▶ **Directions for this task**:
The whole listing is to be transcribed exactly as it stands.

--

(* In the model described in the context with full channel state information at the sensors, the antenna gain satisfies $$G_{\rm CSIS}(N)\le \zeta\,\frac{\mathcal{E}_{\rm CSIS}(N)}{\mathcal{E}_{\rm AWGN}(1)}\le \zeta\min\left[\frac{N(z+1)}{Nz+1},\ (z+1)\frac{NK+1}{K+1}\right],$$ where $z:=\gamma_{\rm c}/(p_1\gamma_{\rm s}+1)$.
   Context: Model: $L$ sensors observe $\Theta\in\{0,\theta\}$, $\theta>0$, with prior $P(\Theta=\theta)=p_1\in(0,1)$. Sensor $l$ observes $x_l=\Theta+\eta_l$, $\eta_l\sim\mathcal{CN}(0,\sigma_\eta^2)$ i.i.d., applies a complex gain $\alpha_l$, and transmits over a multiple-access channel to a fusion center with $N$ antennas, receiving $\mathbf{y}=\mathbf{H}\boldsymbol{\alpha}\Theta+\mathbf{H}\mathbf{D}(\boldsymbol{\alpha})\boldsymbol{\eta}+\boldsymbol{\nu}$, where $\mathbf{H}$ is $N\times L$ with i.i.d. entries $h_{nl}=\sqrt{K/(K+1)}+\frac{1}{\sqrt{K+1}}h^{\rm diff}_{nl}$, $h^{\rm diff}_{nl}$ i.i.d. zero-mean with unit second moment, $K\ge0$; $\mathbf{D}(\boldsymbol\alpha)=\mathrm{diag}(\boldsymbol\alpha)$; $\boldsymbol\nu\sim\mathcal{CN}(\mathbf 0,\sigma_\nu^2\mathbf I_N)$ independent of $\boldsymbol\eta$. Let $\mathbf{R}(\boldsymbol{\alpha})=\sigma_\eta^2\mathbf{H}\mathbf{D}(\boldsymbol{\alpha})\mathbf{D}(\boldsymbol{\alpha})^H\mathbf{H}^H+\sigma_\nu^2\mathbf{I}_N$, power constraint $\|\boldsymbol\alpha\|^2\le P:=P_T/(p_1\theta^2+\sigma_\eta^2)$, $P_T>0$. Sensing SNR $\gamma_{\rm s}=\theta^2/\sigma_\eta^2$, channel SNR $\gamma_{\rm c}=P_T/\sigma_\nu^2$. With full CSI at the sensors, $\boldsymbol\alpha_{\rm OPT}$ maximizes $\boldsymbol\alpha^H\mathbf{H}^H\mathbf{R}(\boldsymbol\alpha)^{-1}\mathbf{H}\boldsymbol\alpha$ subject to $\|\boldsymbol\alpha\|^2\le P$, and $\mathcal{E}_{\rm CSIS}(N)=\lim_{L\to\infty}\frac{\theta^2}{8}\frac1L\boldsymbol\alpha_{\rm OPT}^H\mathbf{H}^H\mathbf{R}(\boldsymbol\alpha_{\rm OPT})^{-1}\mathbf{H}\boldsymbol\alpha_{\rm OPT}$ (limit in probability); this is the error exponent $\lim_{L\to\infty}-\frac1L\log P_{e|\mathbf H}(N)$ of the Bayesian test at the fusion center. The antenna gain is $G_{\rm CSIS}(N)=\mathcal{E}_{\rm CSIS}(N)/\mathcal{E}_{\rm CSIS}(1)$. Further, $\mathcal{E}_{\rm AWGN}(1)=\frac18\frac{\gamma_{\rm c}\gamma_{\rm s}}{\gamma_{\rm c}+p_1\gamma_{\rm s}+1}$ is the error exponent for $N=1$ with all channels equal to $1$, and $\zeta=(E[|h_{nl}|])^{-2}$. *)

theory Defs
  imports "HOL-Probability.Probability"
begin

--

▶ **Task result**:
(* In the model described in the context with full channel state information at the sensors, the antenna gain satisfies $$G_{\rm CSIS}(N)\le \zeta\,\frac{\mathcal{E}_{\rm CSIS}(N)}{\mathcal{E}_{\rm AWGN}(1)}\le \zeta\min\left[\frac{N(z+1)}{Nz+1},\ (z+1)\frac{NK+1}{K+1}\right],$$ where $z:=\gamma_{\rm c}/(p_1\gamma_{\rm s}+1)$.
   Context: Model: $L$ sensors observe $\Theta\in\{0,\theta\}$, $\theta>0$, with prior $P(\Theta=\theta)=p_1\in(0,1)$. Sensor $l$ observes $x_l=\Theta+\eta_l$, $\eta_l\sim\mathcal{CN}(0,\sigma_\eta^2)$ i.i.d., applies a complex gain $\alpha_l$, and transmits over a multiple-access channel to a fusion center with $N$ antennas, receiving $\mathbf{y}=\mathbf{H}\boldsymbol{\alpha}\Theta+\mathbf{H}\mathbf{D}(\boldsymbol{\alpha})\boldsymbol{\eta}+\boldsymbol{\nu}$, where $\mathbf{H}$ is $N\times L$ with i.i.d. entries $h_{nl}=\sqrt{K/(K+1)}+\frac{1}{\sqrt{K+1}}h^{\rm diff}_{nl}$, $h^{\rm diff}_{nl}$ i.i.d. zero-mean with unit second moment, $K\ge0$; $\mathbf{D}(\boldsymbol\alpha)=\mathrm{diag}(\boldsymbol\alpha)$; $\boldsymbol\nu\sim\mathcal{CN}(\mathbf 0,\sigma_\nu^2\mathbf I_N)$ independent of $\boldsymbol\eta$. Let $\mathbf{R}(\boldsymbol{\alpha})=\sigma_\eta^2\mathbf{H}\mathbf{D}(\boldsymbol{\alpha})\mathbf{D}(\boldsymbol{\alpha})^H\mathbf{H}^H+\sigma_\nu^2\mathbf{I}_N$, power constraint $\|\boldsymbol\alpha\|^2\le P:=P_T/(p_1\theta^2+\sigma_\eta^2)$, $P_T>0$. Sensing SNR $\gamma_{\rm s}=\theta^2/\sigma_\eta^2$, channel SNR $\gamma_{\rm c}=P_T/\sigma_\nu^2$. With full CSI at the sensors, $\boldsymbol\alpha_{\rm OPT}$ maximizes $\boldsymbol\alpha^H\mathbf{H}^H\mathbf{R}(\boldsymbol\alpha)^{-1}\mathbf{H}\boldsymbol\alpha$ subject to $\|\boldsymbol\alpha\|^2\le P$, and $\mathcal{E}_{\rm CSIS}(N)=\lim_{L\to\infty}\frac{\theta^2}{8}\frac1L\boldsymbol\alpha_{\rm OPT}^H\mathbf{H}^H\mathbf{R}(\boldsymbol\alpha_{\rm OPT})^{-1}\mathbf{H}\boldsymbol\alpha_{\rm OPT}$ (limit in probability); this is the error exponent $\lim_{L\to\infty}-\frac1L\log P_{e|\mathbf H}(N)$ of the Bayesian test at the fusion center. The antenna gain is $G_{\rm CSIS}(N)=\mathcal{E}_{\rm CSIS}(N)/\mathcal{E}_{\rm CSIS}(1)$. Further, $\mathcal{E}_{\rm AWGN}(1)=\frac18\frac{\gamma_{\rm c}\gamma_{\rm s}}{\gamma_{\rm c}+p_1\gamma_{\rm s}+1}$ is the error exponent for $N=1$ with all channels equal to $1$, and $\zeta=(E[|h_{nl}|])^{-2}$. *)

theory Defs
  imports "HOL-Probability.Probability"
begin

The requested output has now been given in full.